How to prove $\sqrt{2} + \sqrt[3]{2}$ is an algebraic number I need to show that this is an algebraic number by showing that it is a solution to:
$x^{6} - 9x^{4} - 4x^{3} + 27x^{2} + 36x -23 = 0.$
I'm really struggling with this one, I tried squaring and cubing $\sqrt{2} + \sqrt[3]{2}$, but I only end up with more squares and cubes. 
 A: $$(x-\sqrt2)^3=2$$
$$\iff x^3-2+3x\cdot2=(3x^2+2)\sqrt2$$
Square both sides
A: The minimal polynomial of $\alpha=\sqrt{2}$ is $a^2-2$ and the minimal polynomial of $\beta=\sqrt[3]{2}$ is $b^3-2$. 
$\{1,a,b,b^2,ab,ab^2\}$ is a base of $\mathbb{A}=\mathbb{Q}[a,b]/(a^2-2,b^3-2)$, hence $\alpha+\beta$ is a root of a polynomial belonging to $\mathbb{Q}[x]$ with degree $\leq 6$. Indeed in $\mathbb{A}$ the terms $(a+b)^k$ decompose as follows:
$$\begin{array}{|c|c|c|c|c|c|c|}\hline  & 1 & a & b & b^2 & ab & ab^2\\
\hline 1 & 1 &&&&&\\
\hline (a+b) & 1 & 1 &&&&\\
\hline (a+b)^2 & 2 & & & 1 & 2 & \\
\hline (a+b)^3 & 2 & 2 & 6 &&& 3\\
\hline (a+b)^4 & 4 & 8 & 2 & 12 & 8 & \\
\hline (a+b)^5 & 40 & 4 & 20 & 2 & 10 & 20\\
\hline (a+b)^6 & 12 & 80 & 60  & 60 & 24 & 12\\
\hline\end{array}$$
hence by Gaussian elimination (we have seven rows and six columns)

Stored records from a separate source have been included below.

(* Let $\mathbf{B}_{\iota,f}$ be a bridge from an encryption scheme $\mathscr{S}_1$ to an encryption scheme $\mathscr{S}_2$. If the bridge $\mathbf{B}_{\iota,f}$ is IND-CPA secure, then the encryption scheme $\mathscr{S}_1$ is IND-CPA secure.
   Context: $\lambda$ denotes the security parameter; a function $\mu:\mathbb{N}\to[0,\infty)$ is negligible if for every positive integer $c$ there is $N_c$ with $\mu(n)<n^{-c}$ for all $n\ge N_c$. An encryption scheme $\mathscr{S}=(\mathscr{P},\mathscr{C},\mathrm{KeyGen},\mathrm{Enc},\mathrm{Dec})$ consists of finite sets $\mathscr{P}$ (plaintexts), $\mathscr{C}$ (ciphertexts) and PPT algorithms: $\mathrm{KeyGen}(1^\lambda)$ outputs a secret key $sk$ and public key $pk$; $\mathrm{Enc}(pk,m)$ outputs $c\in\mathscr{C}$ for $m\in\mathscr{P}$; $\mathrm{Dec}(sk,c)$ outputs an element of $\mathscr{P}$; with $\Pr[\mathrm{Dec}(sk,\mathrm{Enc}(pk,m))=m]=1-\mathrm{negl}(\lambda)$ (probability over key generation, encryption and uniform $m\in\mathscr{P}$). (A symmetric scheme is one with $pk=sk$; in security games its public key is replaced by access to an encryption oracle.) A secret key is of level $\lambda$ if it is output by $\mathrm{KeyGen}(1^\lambda)$. IND-CPA security: for a bit $b$ and PPT adversary $\mathcal{A}$, the experiment $\mathrm{Exp}_b[\mathcal{A}](1^\lambda)$ runs $(pk,sk)\leftarrow\mathrm{KeyGen}(1^\lambda)$, gets $(m_0,m_1)\leftarrow\mathcal{A}(1^\lambda,pk)$, computes $ct\leftarrow\mathrm{Enc}(pk,m_b)$ and returns $b'\leftarrow\mathcal{A}(ct)$. The advantage is $|\Pr[\mathrm{Exp}_0[\mathcal{A}]=1]-\Pr[\mathrm{Exp}_1[\mathcal{A}]=1]|$; the scheme is IND-CPA secure if every PPT adversary has negligible advantage. A bridge $\mathbf{B}_{\iota,f}$ from $\mathscr{S}_1=(\mathscr{P}_1,\mathscr{C}_1,\mathrm{KeyGen}_1,\mathrm{Enc}_1,\mathrm{Dec}_1)$ to $\mathscr{S}_2=(\mathscr{P}_2,\mathscr{C}_2,\mathrm{KeyGen}_2,\mathrm{Enc}_2,\mathrm{Dec}_2)$ consists of: (1) an injective map $\iota:\mathscr{P}_1\to\mathscr{P}_2$ computable by a deterministic polynomial-time algorithm, such that a deterministic polynomial-time algorithm computes $\iota^{-1}$ (outputting $\perp$ off the image); (2) a PPT bridge key generation algorithm which on input $1^\lambda$ runs $\mathrm{KeyGen}_1(1^\lambda)$ to get $(sk_1,pk_1)$, then uses $sk_1$ to find a secret key $sk_2$ of level $\lambda$ for $\mathscr{S}_2$ and calls the key generation of $\mathscr{S}_2$ to produce $pk_2$, and finally on input $(sk_1,pk_1,sk_2,pk_2)$ outputs a bridge key $bk$; (3) a PPT algorithm $f$ taking $bk$ and $c_1\in\mathscr{C}_1$ and outputting $c_2\in\mathscr{C}_2$; such that $\Pr[\mathrm{Dec}_2(sk_2,f(bk,\mathrm{Enc}_1(pk_1,m)))=\iota(m)]=1-\mathrm{negl}(\lambda)$ for uniform $m\in\mathscr{P}_1$. The encryption scheme $\mathscr{G}_f$ associated to the bridge: plaintext space $\mathscr{P}_1$, ciphertext space $\mathscr{C}_1\times\mathscr{C}_2$; its key generation runs the bridge key generation to get $sk_1,pk_1,sk_2,pk_2,bk$ and sets secret key $(sk_1,sk_2)$ and public key $(pk_1,pk_2,bk)$; $\mathrm{Enc}_{\mathscr{G}_f}(m)=(a,f(bk,b))$ where $a,b\leftarrow\mathrm{Enc}_1(pk_1,m)$ are independent encryptions; $\mathrm{Dec}_{\mathscr{G}_f}((c_1,c_2))=\mathrm{Dec}_1(sk_1,c_1)$. The bridge $\mathbf{B}_{\iota,f}$ is called IND-CPA secure if $\mathscr{G}_f$ is IND-CPA secure. *)

theory Defs
  imports "HOL-Probability.Probability_Mass_Function"
begin

definition negligible :: "(nat \<Rightarrow> real) \<Rightarrow> bool" where
  "negligible \<mu> \<longleftrightarrow> (\<forall>n. 0 \<le> \<mu> n) \<and>
     (\<forall>c::nat. c > 0 \<longrightarrow> (\<exists>N. \<forall>n\<ge>N. \<mu> n < inverse (real n ^ c)))"

definition correct_scheme ::
  "(nat \<Rightarrow> ('sk \<times> 'pk) pmf) \<Rightarrow> ('pk \<Rightarrow> 'p \<Rightarrow> 'c pmf) \<Rightarrow> ('sk \<Rightarrow> 'c \<Rightarrow> 'p) \<Rightarrow> bool"
where
  "correct_scheme KeyGen Enc Dec \<longleftrightarrow>
     negligible (\<lambda>n. 1 - pmf (do {
        (sk, pk) \<leftarrow> KeyGen n;
        m \<leftarrow> pmf_of_set (UNIV :: 'p set);
        c \<leftarrow> Enc pk m;
        return_pmf (Dec sk c = m)}) True)"

text \<open>A (two-stage) IND-CPA adversary: the first stage gets 1^lambda and pk and outputs
  a pair of messages together with its internal state; the second stage gets the state
  and the challenge ciphertext and outputs a bit.\<close>
type_synonym ('pk, 'p, 'c, 's) adversary =
  "(nat \<Rightarrow> 'pk \<Rightarrow> (('p \<times> 'p) \<times> 's) pmf) \<times> ('s \<Rightarrow> 'c \<Rightarrow> bool pmf)"

definition ind_cpa_exp ::
  "(nat \<Rightarrow> ('sk \<times> 'pk) pmf) \<Rightarrow> ('pk \<Rightarrow> 'p \<Rightarrow> 'c pmf) \<Rightarrow> ('pk, 'p, 'c, 's) adversary
    \<Rightarrow> bool \<Rightarrow> nat \<Rightarrow> bool pmf"
where
  "ind_cpa_exp KeyGen Enc \<A> b n = do {
      (sk, pk) \<leftarrow> KeyGen n;
      ((m0, m1), st) \<leftarrow> fst \<A> n pk;
      ct \<leftarrow> Enc pk (if b then m1 else m0);
      snd \<A> st ct }"

definition ind_cpa_adv ::
  "(nat \<Rightarrow> ('sk \<times> 'pk) pmf) \<Rightarrow> ('pk \<Rightarrow> 'p \<Rightarrow> 'c pmf) \<Rightarrow> ('pk, 'p, 'c, 's) adversary
    \<Rightarrow> nat \<Rightarrow> real"
where
  "ind_cpa_adv KeyGen Enc \<A> n =
     \<bar>pmf (ind_cpa_exp KeyGen Enc \<A> False n) True - pmf (ind_cpa_exp KeyGen Enc \<A> True n) True\<bar>"

definition ind_cpa_secure ::
  "(nat \<Rightarrow> ('sk \<times> 'pk) pmf) \<Rightarrow> ('pk \<Rightarrow> 'p \<Rightarrow> 'c pmf) \<Rightarrow> ('pk, 'p, 'c, 's) adversary set
    \<Rightarrow> bool"
where
  "ind_cpa_secure KeyGen Enc PPT \<longleftrightarrow>
     (\<forall>\<A>\<in>PPT. negligible (ind_cpa_adv KeyGen Enc \<A>))"

definition bridge_keygen ::
  "(nat \<Rightarrow> ('sk1 \<times> 'pk1) pmf) \<Rightarrow> (nat \<Rightarrow> 'sk1 \<Rightarrow> 'sk2 pmf) \<Rightarrow> (nat \<Rightarrow> 'sk2 \<Rightarrow> 'pk2 pmf)
    \<Rightarrow> ('sk1 \<Rightarrow> 'pk1 \<Rightarrow> 'sk2 \<Rightarrow> 'pk2 \<Rightarrow> 'bk pmf)
    \<Rightarrow> nat \<Rightarrow> ('sk1 \<times> 'pk1 \<times> 'sk2 \<times> 'pk2 \<times> 'bk) pmf"
where
  "bridge_keygen KeyGen1 FindSk2 GenPk2 BK n = do {
      (sk1, pk1) \<leftarrow> KeyGen1 n;
      sk2 \<leftarrow> FindSk2 n sk1;
      pk2 \<leftarrow> GenPk2 n sk2;
      bk \<leftarrow> BK sk1 pk1 sk2 pk2;
      return_pmf (sk1, pk1, sk2, pk2, bk) }"

text \<open>The bridge axioms (the algorithmic / polynomial-time requirements are not modelled).\<close>
definition is_bridge ::
  "(nat \<Rightarrow> ('sk1 \<times> 'pk1) pmf) \<Rightarrow> ('pk1 \<Rightarrow> 'p1 \<Rightarrow> 'c1 pmf) \<Rightarrow> ('sk1 \<Rightarrow> 'c1 \<Rightarrow> 'p1)
   \<Rightarrow> (nat \<Rightarrow> ('sk2 \<times> 'pk2) pmf) \<Rightarrow> ('pk2 \<Rightarrow> 'p2 \<Rightarrow> 'c2 pmf) \<Rightarrow> ('sk2 \<Rightarrow> 'c2 \<Rightarrow> 'p2)
   \<Rightarrow> ('p1 \<Rightarrow> 'p2) \<Rightarrow> (nat \<Rightarrow> 'sk1 \<Rightarrow> 'sk2 pmf) \<Rightarrow> (nat \<Rightarrow> 'sk2 \<Rightarrow> 'pk2 pmf)
   \<Rightarrow> ('sk1 \<Rightarrow> 'pk1 \<Rightarrow> 'sk2 \<Rightarrow> 'pk2 \<Rightarrow> 'bk pmf) \<Rightarrow> ('bk \<Rightarrow> 'c1 \<Rightarrow> 'c2 pmf) \<Rightarrow> bool"
where
  "is_bridge KeyGen1 Enc1 Dec1 KeyGen2 Enc2 Dec2 \<iota> FindSk2 GenPk2 BK f \<longleftrightarrow>
     inj \<iota> \<and>
     (\<forall>n sk1 pk1 sk2. (sk1, pk1) \<in> set_pmf (KeyGen1 n) \<longrightarrow> sk2 \<in> set_pmf (FindSk2 n sk1)
         \<longrightarrow> sk2 \<in> fst ` set_pmf (KeyGen2 n)) \<and>
     (\<forall>n sk2 pk2. sk2 \<in> fst ` set_pmf (KeyGen2 n) \<longrightarrow> pk2 \<in> set_pmf (GenPk2 n sk2)
         \<longrightarrow> (sk2, pk2) \<in> set_pmf (KeyGen2 n)) \<and>
     negligible (\<lambda>n. 1 - pmf (do {
        (sk1, pk1, sk2, pk2, bk) \<leftarrow> bridge_keygen KeyGen1 FindSk2 GenPk2 BK n;
        m \<leftarrow> pmf_of_set (UNIV :: 'p1 set);
        c1 \<leftarrow> Enc1 pk1 m;
        c2 \<leftarrow> f bk c1;
        return_pmf (Dec2 sk2 c2 = \<iota> m)}) True)"

definition G_keygen ::
  "(nat \<Rightarrow> ('sk1 \<times> 'pk1) pmf) \<Rightarrow> (nat \<Rightarrow> 'sk1 \<Rightarrow> 'sk2 pmf) \<Rightarrow> (nat \<Rightarrow> 'sk2 \<Rightarrow> 'pk2 pmf)
    \<Rightarrow> ('sk1 \<Rightarrow> 'pk1 \<Rightarrow> 'sk2 \<Rightarrow> 'pk2 \<Rightarrow> 'bk pmf)
    \<Rightarrow> nat \<Rightarrow> (('sk1 \<times> 'sk2) \<times> ('pk1 \<times> 'pk2 \<times> 'bk)) pmf"
where
  "G_keygen KeyGen1 FindSk2 GenPk2 BK n =
     map_pmf (\<lambda>(sk1, pk1, sk2, pk2, bk). ((sk1, sk2), (pk1, pk2, bk)))
       (bridge_keygen KeyGen1 FindSk2 GenPk2 BK n)"

definition G_enc ::
  "('pk1 \<Rightarrow> 'p1 \<Rightarrow> 'c1 pmf) \<Rightarrow> ('bk \<Rightarrow> 'c1 \<Rightarrow> 'c2 pmf)
    \<Rightarrow> ('pk1 \<times> 'pk2 \<times> 'bk) \<Rightarrow> 'p1 \<Rightarrow> ('c1 \<times> 'c2) pmf"
where
  "G_enc Enc1 f pk m = (case pk of (pk1, pk2, bk) \<Rightarrow> do {
      a \<leftarrow> Enc1 pk1 m;
      b \<leftarrow> Enc1 pk1 m;
      c2 \<leftarrow> f bk b;
      return_pmf (a, c2) })"

definition G_dec :: "('sk1 \<Rightarrow> 'c1 \<Rightarrow> 'p1) \<Rightarrow> ('sk1 \<times> 'sk2) \<Rightarrow> ('c1 \<times> 'c2) \<Rightarrow> 'p1" where
  "G_dec Dec1 sk c = Dec1 (fst sk) (fst c)"

end

theory Submission
  imports Defs
begin

text \<open>An adversary against S1 is turned into one against G_f that discards the S2 public
  key, the bridge key and the bridged ciphertext. Key generation and encryption of G_f
  project onto those of S1, so the two IND-CPA experiments coincide and the advantages are
  equal.\<close>

lemma ind_cpa_exp_projection:
  assumes keygen: "\<And>n. map_pmf (\<pi> \<circ> snd) (KeyGen n) = map_pmf snd (KeyGen' n)"
    and enc: "\<And>pk m. map_pmf \<rho> (Enc pk m) = Enc' (\<pi> pk) m"
  shows "ind_cpa_exp KeyGen Enc ((\<lambda>n pk. fst \<A> n (\<pi> pk)), (\<lambda>st c. snd \<A> st (\<rho> c))) b n
       = ind_cpa_exp KeyGen' Enc' \<A> b n"
proof -
  define game where "game pk = do {
      ((m0, m1), st) \<leftarrow> fst \<A> n pk;
      ct \<leftarrow> Enc' pk (if b then m1 else m0);
      snd \<A> st ct }" for pk
  have "ind_cpa_exp KeyGen Enc ((\<lambda>n pk. fst \<A> n (\<pi> pk)), (\<lambda>st c. snd \<A> st (\<rho> c))) b n
      = bind_pmf (KeyGen n) (\<lambda>(sk, pk). game (\<pi> pk))"
    by (simp add: ind_cpa_exp_def game_def enc[symmetric] bind_map_pmf)
  also have "\<dots> = bind_pmf (map_pmf (\<pi> \<circ> snd) (KeyGen n)) game"
    by (simp add: bind_map_pmf case_prod_unfold)
  also have "\<dots> = bind_pmf (KeyGen' n) (\<lambda>(sk, pk). game pk)"
    by (simp add: keygen bind_map_pmf case_prod_unfold)
  also have "\<dots> = ind_cpa_exp KeyGen' Enc' \<A> b n"
    by (simp add: ind_cpa_exp_def game_def)
  finally show ?thesis .
qed

lemma ind_cpa_adv_projection:
  assumes "\<And>n. map_pmf (\<pi> \<circ> snd) (KeyGen n) = map_pmf snd (KeyGen' n)"
    and "\<And>pk m. map_pmf \<rho> (Enc pk m) = Enc' (\<pi> pk) m"
  shows "ind_cpa_adv KeyGen Enc ((\<lambda>n pk. fst \<A> n (\<pi> pk)), (\<lambda>st c. snd \<A> st (\<rho> c)))
       = ind_cpa_adv KeyGen' Enc' \<A>"
  unfolding ind_cpa_adv_def ind_cpa_exp_projection[of \<pi> KeyGen KeyGen' \<rho> Enc Enc', OF assms] ..

lemma ind_cpa_secure_projection:
  assumes "\<And>n. map_pmf (\<pi> \<circ> snd) (KeyGen n) = map_pmf snd (KeyGen' n)"
    and "\<And>pk m. map_pmf \<rho> (Enc pk m) = Enc' (\<pi> pk) m"
    and "\<And>\<A>. \<A> \<in> PPT' \<Longrightarrow> ((\<lambda>n pk. fst \<A> n (\<pi> pk)), (\<lambda>st c. snd \<A> st (\<rho> c))) \<in> PPT"
    and "ind_cpa_secure KeyGen Enc PPT"
  shows "ind_cpa_secure KeyGen' Enc' PPT'"
  using assms by (metis ind_cpa_secure_def ind_cpa_adv_projection)

lemma G_keygen_public_key_marginal:
  "map_pmf (fst \<circ> snd) (G_keygen KeyGen1 FindSk2 GenPk2 BK n) = map_pmf snd (KeyGen1 n)"
  by (simp add: G_keygen_def bridge_keygen_def map_pmf_def bind_assoc_pmf bind_return_pmf
      bind_pmf_const case_prod_unfold)

lemma G_enc_first_component:
  "map_pmf fst (G_enc Enc1 f pk m) = Enc1 (fst pk) m"
  by (simp add: G_enc_def map_pmf_def bind_assoc_pmf bind_return_pmf bind_pmf_const
      case_prod_unfold bind_return_pmf')

theorem proposition1:
  fixes KeyGen1 :: "nat \<Rightarrow> ('sk1 \<times> 'pk1) pmf"
    and Enc1 :: "'pk1 \<Rightarrow> 'p1::finite \<Rightarrow> 'c1::finite pmf"
    and Dec1 :: "'sk1 \<Rightarrow> 'c1 \<Rightarrow> 'p1"
    and KeyGen2 :: "nat \<Rightarrow> ('sk2 \<times> 'pk2) pmf"
    and Enc2 :: "'pk2 \<Rightarrow> 'p2::finite \<Rightarrow> 'c2::finite pmf"
    and Dec2 :: "'sk2 \<Rightarrow> 'c2 \<Rightarrow> 'p2"
    and \<iota> :: "'p1 \<Rightarrow> 'p2"
    and FindSk2 :: "nat \<Rightarrow> 'sk1 \<Rightarrow> 'sk2 pmf"
    and GenPk2 :: "nat \<Rightarrow> 'sk2 \<Rightarrow> 'pk2 pmf"
    and BK :: "'sk1 \<Rightarrow> 'pk1 \<Rightarrow> 'sk2 \<Rightarrow> 'pk2 \<Rightarrow> 'bk pmf"
    and f :: "'bk \<Rightarrow> 'c1 \<Rightarrow> 'c2 pmf"
    and PPT1 :: "('pk1, 'p1, 'c1, 's) adversary set"
    and PPTG :: "('pk1 \<times> 'pk2 \<times> 'bk, 'p1, 'c1 \<times> 'c2, 's) adversary set"
  assumes S1: "correct_scheme KeyGen1 Enc1 Dec1"
    and S2: "correct_scheme KeyGen2 Enc2 Dec2"
    and bridge: "is_bridge KeyGen1 Enc1 Dec1 KeyGen2 Enc2 Dec2 \<iota> FindSk2 GenPk2 BK f"
    and PPT_closed: "\<And>\<A>. \<A> \<in> PPT1 \<Longrightarrow>
          ((\<lambda>n pk. fst \<A> n (fst pk)), (\<lambda>st c. snd \<A> st (fst c))) \<in> PPTG"
    and bridge_secure: "ind_cpa_secure (G_keygen KeyGen1 FindSk2 GenPk2 BK) (G_enc Enc1 f) PPTG"
  shows "ind_cpa_secure KeyGen1 Enc1 PPT1"
  using G_keygen_public_key_marginal G_enc_first_component PPT_closed bridge_secure
  by (rule ind_cpa_secure_projection)

end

$$ (a+b)^6 = 4+24(a+b)-12(a+b)^2+4(a+b)^3+6(a+b)^4 $$
and $\alpha+\beta$ is a root of $x^6-6x^4-4x^3+12x^2-24x-4$. This is the minimal polynomial of $\alpha+\beta$ over $\mathbb{Q}$ since the involved matrix has rank $6$: the determinant of the matrix formed by the first six rows and columns is
$$ 924 = 3\cdot 2^2\cdot\det\left(\begin{smallmatrix}0&1&2&0\\2&0&0&1\\1&6&4&0\\10&1&5&10\end{smallmatrix}\right). $$
Your polynomial cannot vanish at $\sqrt{2}+\sqrt[3]{2}$ since the conjugates of this algebraic number are $\pm\sqrt{2}+\omega^k\sqrt[3]{2}$, hence the norm of $\sqrt{2}+\sqrt[3]{2}$ is $(-4)\color{red}{\neq(-23)}$.
A: Set
$\alpha = \sqrt 2 + \sqrt[3] 2; \tag 1$
then,
$\alpha - \sqrt 2 = \sqrt [3] 2; \tag 2$
$(\alpha - \sqrt 2)^3 = 2; \tag 3$
$\alpha^3 - 3 \sqrt 2 \alpha^2 + 6 \alpha - 2\sqrt 2 = 2; \tag 4$
$-\sqrt 2(2 + 3\alpha^2) = 2 - 6\alpha - \alpha^3; \tag 5$
$2(2 + 3\alpha^2)^2 = (2 - 6\alpha - \alpha^3)^2. \tag 6$
If all we want to do is show $\alpha$ algebraic over $\Bbb Q$, we can stop here; (6) is evidently a $6$ degree polynomial over $\Bbb Q$; 
also, a finer inspection of (6) shows $\alpha$ to be an algebraic integer, since the leading coefficient, of $\alpha^6$, is $1$; to see exactly what polynomial we get, however, we must expand out each side of (6):
$2(4 + 12\alpha^2 + 9\alpha^4) = 4 + 36\alpha^2 + \alpha^6 - 24\alpha - 4\alpha^3 + 12\alpha^4; \tag 7$
$8 + 24\alpha^2 + 18\alpha^4 = 4 + 36\alpha^2 + \alpha^6 - 24\alpha - 4\alpha^3 + 12\alpha^4; \tag 8$
finally,
$\alpha^6 - 6\alpha^4 - 4\alpha^3 + 12 \alpha^2 -24\alpha - 4 = 0, \tag 9$
a sixth-degree polynomial satisfied by $\alpha$, in agreement with that obtained by Jack D'urizio.